Лысков был обнаружен, как и предпологалось, у себя на квартире и странное дело, как обычно, один. Странно, потому, что ему, как и нам было не больше 21 года, а вечная помеха молодому счастью – родиши – у Лыскова не наблюдалась.
Где были его родители, он не рассказывал, а мы не спрашивали.
Пройдя по длинному коридору, на пороге кухни я и Макс остолбенели; и хотя по Мурманскому обычаю, срисованному у старших мужиков, включая старину Горация, мы старались »nil mirari» – ничему не удивляться, но все же картина "Лысков и его столовая" была довольно смелая:
С самой безразличной физиономией, и это обычное его состояние, Лысков сидел за столом у окна, а вдоль стены за ним, за холодильником, да и вообще везде по периметру небольшой, как обычно в те времена кухни, стояли тогдашние деревянные ящики с пивом, водкой, вином, да и чего там только небыло!
Некоторые конструкции из зтих ящиков упирались в потолок.
«Ну, ладно», – подумалось нам с Максом и мы, не говоря ни слова, подсели к Лыскову за стол.
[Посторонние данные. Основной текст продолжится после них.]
definition signed_perm_compose :: "int list \<times> nat list \<Rightarrow> int list \<times> nat list \<Rightarrow> int list \<times> nat list" where
  "signed_perm_compose = (\<lambda>(g, p) (g', p').
     (map (\<lambda>j. g ! (p' ! j) * g' ! j) [0..<4], map (\<lambda>j. p ! (p' ! j)) [0..<4]))"

definition signed_perms_D4 :: "(int list \<times> nat list) list" where
  "signed_perms_D4 = List.product (filter (\<lambda>g. prod_list g = 1) (List.n_lists 4 [1, -1]))
     (filter distinct (List.n_lists 4 [0, 1, 2, 3]))"

lemma signed_perms_D4_iff: "(g, p) \<in> set signed_perms_D4 \<longleftrightarrow>
    length g = 4 \<and> set g \<subseteq> {1, -1} \<and> prod_list g = 1 \<and> length p = 4 \<and> set p \<subseteq> {0, 1, 2, 3} \<and> distinct p"
  by (auto simp: signed_perms_D4_def set_n_lists)

lemma distinct_list_permutes:
  assumes "length p = 4" "set p \<subseteq> {0, 1, 2, 3}" "distinct p"
  shows "(\<lambda>j. of_nat (p ! ix4 j) :: 4) permutes UNIV"
proof -
  have "inj (\<lambda>j. of_nat (p ! ix4 j) :: 4)"
  proof (rule injI)
    fix j j' assume "(of_nat (p ! ix4 j) :: 4) = of_nat (p ! ix4 j')"
    then have "p ! ix4 j = p ! ix4 j'"
      using nth_ix4_lt_4[OF assms(1,2)] ix4_of_nat by metis
    then show "j = j'"
      using assms ix4_lt by (simp add: nth_eq_iff_index_eq ix4_eq_iff)
  qed
  then have "bij (\<lambda>j. of_nat (p ! ix4 j) :: 4)"
    by (simp add: bij_def finite_UNIV_inj_surj)
  then show ?thesis
    using bij_imp_permutes by blast
qed

lemma signed_perm_mat_in_WD4:
  assumes "(g, p) \<in> set signed_perms_D4"
  shows "signed_perm_mat g p \<in> WD4"
proof -
  have g: "length g = 4" "set g \<subseteq> {1, -1}" "prod_list g = 1"
    and p: "length p = 4" "set p \<subseteq> {0, 1, 2, 3}" "distinct p"
    using assms by (simp_all add: signed_perms_D4_iff)
  define \<pi> :: "4 \<Rightarrow> 4" where "\<pi> j = of_nat (p ! ix4 j)" for j
  have ix4_\<pi>: "ix4 (\<pi> j) = p ! ix4 j" for j
    using nth_ix4_lt_4[OF p(1,2)] by (simp add: \<pi>_def ix4_of_nat)
  have perm: "\<pi> permutes UNIV"
    unfolding \<pi>_def using p by (rule distinct_list_permutes)
  define e :: "real^4" where "e = (\<chi> i. of_int (g ! ix4 (inv_into UNIV \<pi> i)))"
  have e_\<pi>: "e $ \<pi> j = of_int (g ! ix4 j)" for j
    using perm by (simp add: e_def permutes_inverses(2))
  have "signed_perm_mat g p = diag_mat e ** perm_mat \<pi>"
    by (simp add: vec_eq_iff diag_mat_perm_mat_entry signed_perm_mat_def e_\<pi> ix4_eq_iff flip: ix4_\<pi>)
  moreover have "e $ i = 1 \<or> e $ i = -1" for i
    using g nth_mem[of "ix4 (inv_into UNIV \<pi> i)" g] ix4_lt by (fastforce simp: e_def)
  moreover have "(\<Prod>i\<in>UNIV. e $ i) = 1"
  proof -
    have "(\<Prod>i\<in>UNIV. e $ i) = (\<Prod>j\<in>UNIV. e $ \<pi> j)"
      using prod.permute[OF perm, of "\<lambda>i. e $ i"] by (simp add: comp_def)
    also have "\<dots> = (\<Prod>a<4. of_int (g ! a))"
      using prod_ix4[of "\<lambda>a. of_int (g ! a)"] by (simp add: e_\<pi>)
    also have "\<dots> = of_int (prod_list g)"
      using g(1) by (auto simp: length_Suc_conv numeral_eq_Suc lessThan_Suc mult_ac)
    finally show ?thesis
      using g(3) by simp
  qed
  ultimately show ?thesis
    using perm unfolding WD4_def by blast
qed

lemma distinct_permutes_list:
  assumes "\<pi> permutes (UNIV :: 4 set)"
  shows "distinct (map (\<lambda>a. ix4 (\<pi> (of_nat a))) [0..<4])"
proof -
  have "inj_on (\<lambda>a. ix4 (\<pi> (of_nat a))) {0..<4}"
  proof (rule inj_onI)
    fix a b assume "a \<in> {0..<4}" "b \<in> {0..<4}" "ix4 (\<pi> (of_nat a)) = ix4 (\<pi> (of_nat b))"
    then show "a = b"
      using permutes_inj[OF assms] by (metis atLeastLessThan_iff injD ix4_eq_iff ix4_of_nat)
  qed
  then show ?thesis
    by (simp add: distinct_map)
qed

lemma WD4_subset_signed_perm_mats: "WD4 \<subseteq> case_prod signed_perm_mat ` set signed_perms_D4"
proof
  fix x assume "x \<in> WD4"
  then obtain e \<pi> where x: "x = diag_mat e ** perm_mat \<pi>" and e: "\<forall>i. e $ i = 1 \<or> e $ i = -1"
    and prod_e: "(\<Prod>i\<in>UNIV. e $ i) = 1" and perm: "\<pi> permutes UNIV"
    unfolding WD4_def by blast
  define \<epsilon> :: "4 \<Rightarrow> int" where "\<epsilon> i = (if e $ i = 1 then 1 else -1)" for i
  have of_int_\<epsilon>: "of_int (\<epsilon> i) = e $ i" for i
    using e by (auto simp: \<epsilon>_def)
  define g where "g = map (\<lambda>a. \<epsilon> (\<pi> (of_nat a))) [0..<4]"
  define p where "p = map (\<lambda>a. ix4 (\<pi> (of_nat a))) [0..<4]"
  have g_nth: "g ! ix4 j = \<epsilon> (\<pi> j)" and p_nth: "p ! ix4 j = ix4 (\<pi> j)" for j
    using ix4_lt[of j] by (simp_all add: g_def p_def of_nat_ix4)
  have "x = signed_perm_mat g p"
    by (simp add: vec_eq_iff x diag_mat_perm_mat_entry signed_perm_mat_def g_nth p_nth ix4_eq_iff of_int_\<epsilon>)
  moreover have "set g \<subseteq> {1, -1}"
    by (auto simp: g_def \<epsilon>_def)
  moreover have "prod_list g = 1"
  proof -
    have "of_int (prod_list g) = (\<Prod>a<4. of_int (\<epsilon> (\<pi> (of_nat a))) :: real)"
      by (simp add: g_def numeral_eq_Suc lessThan_Suc mult_ac)
    also have "\<dots> = (\<Prod>j\<in>UNIV. e $ \<pi> j)"
      using prod_ix4[of "\<lambda>a. e $ \<pi> (of_nat a)"] by (simp add: of_nat_ix4 of_int_\<epsilon>)
    also have "\<dots> = 1"
      using prod.permute[OF perm, of "\<lambda>i. e $ i"] prod_e by (simp add: comp_def)
    finally show ?thesis
      by simp
  qed
  moreover have "set p \<subseteq> {0, 1, 2, 3}"
    by (auto simp: p_def ix4_def)
  moreover have "distinct p"
    unfolding p_def using perm by (rule distinct_permutes_list)
  ultimately show "x \<in> case_prod signed_perm_mat ` set signed_perms_D4"
    by (force simp: signed_perms_D4_iff g_def p_def)
qed

lemma WD4_eq: "WD4 = case_prod signed_perm_mat ` set signed_perms_D4"
  using WD4_subset_signed_perm_mats signed_perm_mat_in_WD4 by auto

lemma signed_perm_mat_mult:
  assumes "length p' = 4" "set p' \<subseteq> {0, 1, 2, 3}"
  shows "signed_perm_mat g p ** signed_perm_mat g' p' = case_prod signed_perm_mat (signed_perm_compose (g, p) (g', p'))"
proof -
  have "(signed_perm_mat g p ** signed_perm_mat g' p') $ i $ j
      = case_prod signed_perm_mat (signed_perm_compose (g, p) (g', p')) $ i $ j" for i j
  proof -
    have "p' ! ix4 j < 4"
      using assms by (rule nth_ix4_lt_4)
    then have "p' ! ix4 j \<in> {0, 1, 2, 3}"
      by auto
    then show ?thesis
      using ix4_lt[of j]
      by (auto simp: matrix_matrix_mult_def signed_perm_mat_def sum_4 ix4_numeral signed_perm_compose_def)
  qed
  then show ?thesis
    by (simp add: vec_eq_iff)
qed

lemma signed_perm_mat_inj:
  assumes "(g, p) \<in> set signed_perms_D4" "(g', p') \<in> set signed_perms_D4"
    and eq: "signed_perm_mat g p = signed_perm_mat g' p'"
  shows "g = g' \<and> p = p'"
proof -
  have "g ! a = g' ! a \<and> p ! a = p' ! a" if a: "a < 4" for a
  proof -
    have "p ! a \<in> set p" "g ! a \<in> set g"
      using assms(1) a by (simp_all add: signed_perms_D4_iff)
    then have pa: "p ! a < 4" and ga: "g ! a \<noteq> 0"
      using assms(1) by (auto simp: signed_perms_D4_iff)
    have "signed_perm_mat g p $ of_nat (p ! a) $ of_nat a = of_int (g ! a)"
      using a pa by (simp add: signed_perm_mat_def ix4_of_nat)
    moreover have "signed_perm_mat g' p' $ of_nat (p ! a) $ of_nat a = (if p ! a = p' ! a then of_int (g' ! a) else 0)"
      using a pa by (simp add: signed_perm_mat_def ix4_of_nat)
    ultimately show ?thesis
      using eq ga by (auto split: if_splits)
  qed
  then show ?thesis
    using assms(1,2) by (auto intro!: nth_equalityI simp: signed_perms_D4_iff)
qed

definition rho_int :: "int list list" where
  "rho_int = [[-1, 1, 1, 1], [-1, -1, 1, -1], [-1, -1, -1, 1], [-1, 1, -1, -1]]"

lemma rho_entry: "rho $ i $ j = of_int (rho_int ! ix4 i ! ix4 j) / 2"
  by (simp add: rho_def rho_int_def)

lemma rho_transpose: "rho ** transpose rho = mat 1" "transpose rho ** rho = mat 1"
  by (simp_all add: vec_eq_iff forall_4 sum_4 matrix_matrix_mult_def mat_def transpose_def
      rho_entry rho_int_def ix4_numeral)

lemma Fix_rho_carrier_iff: "x \<in> carrier Fix_rho \<longleftrightarrow> x \<in> WD4 \<and> rho ** x = x ** rho"
  using conj_fixed_iff_commute[OF rho_transpose] by (simp add: Fix_rho_def matrix_inv_eqI[OF rho_transpose])

lemma rho_mult_signed_perm_mat_entry:
  assumes "length p = 4" "set p \<subseteq> {0, 1, 2, 3}"
  shows "(rho ** signed_perm_mat g p) $ i $ j = of_int (rho_int ! ix4 i ! (p ! ix4 j) * g ! ix4 j) / 2"
proof -
  have "(rho ** signed_perm_mat g p) $ i $ j
      = (\<Sum>k\<in>UNIV. of_int (rho_int ! ix4 i ! ix4 k) / 2 * (if ix4 k = p ! ix4 j then of_int (g ! ix4 j) else 0))"
    by (simp add: matrix_matrix_mult_def signed_perm_mat_def rho_entry)
  also have "\<dots> = (\<Sum>a<4. of_int (rho_int ! ix4 i ! a) / 2 * (if a = p ! ix4 j then of_int (g ! ix4 j) else (0::real)))"
    by (rule sum_ix4)
  also have "\<dots> = (\<Sum>a<4. if a = p ! ix4 j then of_int (rho_int ! ix4 i ! a) / 2 * of_int (g ! ix4 j) else 0)"
    by (rule sum.cong) auto
  finally show ?thesis
    using nth_ix4_lt_4[OF assms] by (simp add: sum.delta)
qed

lemma signed_perm_mat_mult_rho_entry:
  "(signed_perm_mat g p ** rho) $ i $ j
    = of_int (\<Sum>a<4. if p ! a = ix4 i then g ! a * rho_int ! a ! ix4 j else 0) / 2"
proof -
  have "(signed_perm_mat g p ** rho) $ i $ j
      = (\<Sum>k\<in>UNIV. (if ix4 i = p ! ix4 k then of_int (g ! ix4 k) else 0) * (of_int (rho_int ! ix4 k ! ix4 j) / 2))"
    by (simp add: matrix_matrix_mult_def signed_perm_mat_def rho_entry)
  also have "\<dots> = (\<Sum>a<4. (if ix4 i = p ! a then of_int (g ! a) else 0) * (of_int (rho_int ! a ! ix4 j) / (2::real)))"
    by (rule sum_ix4)
  also have "\<dots> = of_int (\<Sum>a<4. if p ! a = ix4 i then g ! a * rho_int ! a ! ix4 j else 0) / 2"
    by (simp add: sum_divide_distrib eq_commute[of "ix4 i"]) (rule sum.cong; simp)
  finally show ?thesis .
qed

definition rho_commutes_coords :: "int list \<Rightarrow> nat list \<Rightarrow> bool" where
  "rho_commutes_coords g p \<longleftrightarrow> (\<forall>a<4. \<forall>b<4.
     rho_int ! a ! (p ! b) * g ! b = (\<Sum>k<4. if p ! k = a then g ! k * rho_int ! k ! b else 0))"

lemma rho_commutes_signed_perm_mat_iff:
  assumes "length p = 4" "set p \<subseteq> {0, 1, 2, 3}"
  shows "rho ** signed_perm_mat g p = signed_perm_mat g p ** rho \<longleftrightarrow> rho_commutes_coords g p"
proof -
  have "rho ** signed_perm_mat g p = signed_perm_mat g p ** rho \<longleftrightarrow>
      (\<forall>i j. rho_int ! ix4 i ! (p ! ix4 j) * g ! ix4 j =
         (\<Sum>k<4. if p ! k = ix4 i then g ! k * rho_int ! k ! ix4 j else 0))"
    by (simp add: vec_eq_iff rho_mult_signed_perm_mat_entry[OF assms] signed_perm_mat_mult_rho_entry
        del: of_int_sum of_int_mult)
  also have "\<dots> \<longleftrightarrow> rho_commutes_coords g p"
    unfolding rho_commutes_coords_def
    by (rule all_ix4[of "\<lambda>a b. rho_int ! a ! (p ! b) * g ! b =
      (\<Sum>k<4. if p ! k = a then g ! k * rho_int ! k ! b else 0)"])
  finally show ?thesis .
qed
Лысков плеснул нам в стаканы водки. Мы выпили и запили пивом. Затем было еще налито по полстакана водки. Выпито и запито пивом. Таким образом, мы с Максом достигли по отношению к Лыскову некоторого алкогольного паритета и, тем самым, стали готовы адекватно воспринимать информацию о событиях, которые судя по лысковскому состоянию, были к нему не добры.
Рассказ Лыскова.
– Брат, сука, сволочь, – хорошо и лаконично начал Лысков, – тему предложил: денег поднять по легкому; по легкому, – повторил Лысков и, что-то вспомнив, закурил сигарету.
– Ну, вообщем, он рассказал, – продолжал Лысков, – что кроме больших флотов Мурманска, типа: Севрыбхолод или Траловый флот или Ледокольный, где огромные, мощные суда, но вы в курсе – у вас папаши там на них в море ходят, есть и поменьше.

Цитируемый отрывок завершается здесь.